§ WHAT YOU WILL DO: Count the lines below that hold the word "maps" and say how many, with no other text.

Saved data entries
....
(* Let $g\ge0$, $n\ge1$. Let $Ch_1,Ch_2\in\mathbf{K}$ be two chambers and $\mathcal{A}\in Ch_1$, $\mathcal{B}\in Ch_2$ weight data. If $Ch_1\le Ch_2$, then the category $\mathcal{G}_{g,\mathcal{A}}$ is a full subcategory of $\mathcal{G}_{g,\mathcal{B}}$.
   Context: A weight datum is $\mathcal{A}=(a_1,\dots,a_n)$ with $a_i\in\mathbb{Q}\cap(0,1]$ and $2g-2+\sum_i a_i>0$; $\mathcal{D}_{g,n}\subset\mathbb{R}^n$ is the set of weight data. For $S\subseteq\{1,\dots,n\}$ with $2\le|S|\le n$ if $g\ge1$ (resp. $2\le|S|\le n-2$ if $g=0$), the wall $w_S$ is the locus $\sum_{i\in S}a_i=1$. The chambers are the connected components of the complement in $\mathcal{D}_{g,n}$ of all walls; each is determined by the direction ($<1$ or $>1$) of $\sum_{i\in S}a_i$ for each such $S$. $\mathbf{K}$ is the set of chambers, partially ordered by $Ch_1\le Ch_2$ iff for every such $S$, $\sum_{i\in S}a_i>1$ on $Ch_1$ implies $\sum_{i\in S}b_i>1$ on $Ch_2$. A $(g,\mathcal{A})$-stable graph is a finite connected graph $G$ (loops and multiple edges allowed) with vertex weight $w:V(G)\to\mathbb{Z}_{\ge0}$ and $n$ legs labelled $1,\dots,n$ attached via $m:\{1,\dots,n\}\to V(G)$, with $b_1(G)+\sum_v w(v)=g$ and $2w(v)-2+|v|_E+|v|_{\mathcal{A}}>0$ for every vertex $v$, where $|v|_E$ is the number of edge half-edges at $v$ (loops counted twice) and $|v|_{\mathcal{A}}=\sum_{m(i)=v}a_i$. $\mathcal{G}_{g,\mathcal{A}}$ is the category whose objects are $(g,\mathcal{A})$-stable graphs and whose morphisms are compositions of isomorphisms of weighted marked graphs and weighted edge contractions. *)

theory Defs
  imports Complex_Main "HOL-Library.FuncSet"
begin

text \<open>A weight datum with n entries is a function a :: nat => rat, of which only the
values a 1, ..., a n are relevant.\<close>

definition weight_datum :: "nat \<Rightarrow> nat \<Rightarrow> (nat \<Rightarrow> rat) \<Rightarrow> bool" where
  "weight_datum g n a \<longleftrightarrow>
     (\<forall>i\<in>{1..n}. 0 < a i \<and> a i \<le> 1) \<and> 2 * of_nat g - 2 + (\<Sum>i\<in>{1..n}. a i) > 0"

definition admissible :: "nat \<Rightarrow> nat \<Rightarrow> nat set \<Rightarrow> bool" where
  "admissible g n S \<longleftrightarrow> S \<subseteq> {1..n} \<and> 2 \<le> card S \<and>
     (if g = 0 then card S + 2 \<le> n else card S \<le> n)"

definition off_walls :: "nat \<Rightarrow> nat \<Rightarrow> (nat \<Rightarrow> rat) \<Rightarrow> bool" where
  "off_walls g n a \<longleftrightarrow> (\<forall>S. admissible g n S \<longrightarrow> sum a S \<noteq> 1)"

definition chamber_of :: "nat \<Rightarrow> nat \<Rightarrow> (nat \<Rightarrow> rat) \<Rightarrow> (nat \<Rightarrow> rat) set" where
  "chamber_of g n a = {b. weight_datum g n b \<and> off_walls g n b \<and>
       (\<forall>S. admissible g n S \<longrightarrow> (sum b S > 1 \<longleftrightarrow> sum a S > 1))}"

definition chambers :: "nat \<Rightarrow> nat \<Rightarrow> (nat \<Rightarrow> rat) set set" where
  "chambers g n = {chamber_of g n a | a. weight_datum g n a \<and> off_walls g n a}"

definition chamber_le :: "nat \<Rightarrow> nat \<Rightarrow> (nat \<Rightarrow> rat) set \<Rightarrow> (nat \<Rightarrow> rat) set \<Rightarrow> bool" where
  "chamber_le g n C1 C2 \<longleftrightarrow>
     (\<forall>S. admissible g n S \<longrightarrow> (\<forall>a\<in>C1. sum a S > 1) \<longrightarrow> (\<forall>b\<in>C2. sum b S > 1))"

text \<open>Edges are abstract (multiple edges allowed); ends e gives the two endpoints
(a loop has equal endpoints). leg i is the vertex carrying leg i (1 <= i <= n).\<close>
record ('v, 'e) sgraph =
  verts :: "'v set"
  edges :: "'e set"
  ends :: "'e \<Rightarrow> 'v \<times> 'v"
  vweight :: "'v \<Rightarrow> nat"
  leg :: "nat \<Rightarrow> 'v"

definition adj :: "('v, 'e) sgraph \<Rightarrow> ('v \<times> 'v) set" where
  "adj G = {(fst (ends G e), snd (ends G e)) | e. e \<in> edges G}
         \<union> {(snd (ends G e), fst (ends G e)) | e. e \<in> edges G}"

definition graph_connected :: "('v, 'e) sgraph \<Rightarrow> bool" where
  "graph_connected G \<longleftrightarrow> verts G \<noteq> {} \<and> (\<forall>u\<in>verts G. \<forall>v\<in>verts G. (u, v) \<in> (adj G)\<^sup>*)"

definition is_graph :: "nat \<Rightarrow> ('v, 'e) sgraph \<Rightarrow> bool" where
  "is_graph n G \<longleftrightarrow> finite (verts G) \<and> finite (edges G) \<and>
     (\<forall>e\<in>edges G. fst (ends G e) \<in> verts G \<and> snd (ends G e) \<in> verts G) \<and>
     (\<forall>i\<in>{1..n}. leg G i \<in> verts G) \<and> graph_connected G"

text \<open>b_1(G) + sum of vertex weights (for a connected graph b_1 = |E| - |V| + 1).\<close>
definition genus :: "('v, 'e) sgraph \<Rightarrow> int" where
  "genus G = int (card (edges G)) - int (card (verts G)) + 1 + (\<Sum>v\<in>verts G. int (vweight G v))"

text \<open>Number of edge half-edges at v, loops counted twice.\<close>
definition valence :: "('v, 'e) sgraph \<Rightarrow> 'v \<Rightarrow> nat" where
  "valence G v = card {e\<in>edges G. fst (ends G e) = v} + card {e\<in>edges G. snd (ends G e) = v}"

definition legweight :: "nat \<Rightarrow> (nat \<Rightarrow> rat) \<Rightarrow> ('v, 'e) sgraph \<Rightarrow> 'v \<Rightarrow> rat" where
  "legweight n a G v = (\<Sum>i\<in>{i\<in>{1..n}. leg G i = v}. a i)"

definition stable :: "nat \<Rightarrow> nat \<Rightarrow> (nat \<Rightarrow> rat) \<Rightarrow> ('v, 'e) sgraph \<Rightarrow> bool" where
  "stable g n a G \<longleftrightarrow> is_graph n G \<and> genus G = int g \<and>
     (\<forall>v\<in>verts G. 2 * of_nat (vweight G v) - 2 + of_nat (valence G v) + legweight n a G v > (0::rat))"

text \<open>A morphism G -> H is a pair (fV, fE): fV maps vertices of G to vertices of H,
fE maps edges of H to (the surviving) edges of G. Both are extensional.\<close>
type_synonym ('v, 'e) gmor = "('v \<Rightarrow> 'v) \<times> ('e \<Rightarrow> 'e)"

definition ends_compat :: "('v, 'e) sgraph \<Rightarrow> ('v, 'e) sgraph \<Rightarrow> ('v, 'e) gmor \<Rightarrow> bool" where
  "ends_compat G H f \<longleftrightarrow> (\<forall>e\<in>edges H.
     ends H e = (fst f (fst (ends G (snd f e))), fst f (snd (ends G (snd f e)))) \<or>
     ends H e = (fst f (snd (ends G (snd f e))), fst f (fst (ends G (snd f e)))))"

definition is_iso :: "nat \<Rightarrow> ('v, 'e) sgraph \<Rightarrow> ('v, 'e) sgraph \<Rightarrow> ('v, 'e) gmor \<Rightarrow> bool" where
  "is_iso n G H f \<longleftrightarrow>
     fst f \<in> extensional (verts G) \<and> snd f \<in> extensional (edges H) \<and>
     bij_betw (fst f) (verts G) (verts H) \<and> bij_betw (snd f) (edges H) (edges G) \<and>
     ends_compat G H f \<and>
     (\<forall>v\<in>verts G. vweight H (fst f v) = vweight G v) \<and>
     (\<forall>i\<in>{1..n}. leg H i = fst f (leg G i))"

text \<open>Weighted contraction of the single edge e (followed by an identification of the
result with H).\<close>
definition is_contraction ::
  "nat \<Rightarrow> ('v, 'e) sgraph \<Rightarrow> ('v, 'e) sgraph \<Rightarrow> 'e \<Rightarrow> ('v, 'e) gmor \<Rightarrow> bool" where
  "is_contraction n G H e f \<longleftrightarrow>
     e \<in> edges G \<and>
     fst f \<in> extensional (verts G) \<and> snd f \<in> extensional (edges H) \<and>
     fst f ` verts G = verts H \<and>
     (\<forall>u\<in>verts G. \<forall>v\<in>verts G. fst f u = fst f v \<longleftrightarrow>
         u = v \<or> {u, v} = {fst (ends G e), snd (ends G e)}) \<and>
     bij_betw (snd f) (edges H) (edges G - {e}) \<and>
     ends_compat G H f \<and>
     (\<forall>v\<in>verts G. v \<notin> {fst (ends G e), snd (ends G e)} \<longrightarrow> vweight H (fst f v) = vweight G v) \<and>
     vweight H (fst f (fst (ends G e))) =
       (if fst (ends G e) = snd (ends G e) then vweight G (fst (ends G e)) + 1
        else vweight G (fst (ends G e)) + vweight G (snd (ends G e))) \<and>
     (\<forall>i\<in>{1..n}. leg H i = fst f (leg G i))"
....
§ EXERCISE OUTPUT: 2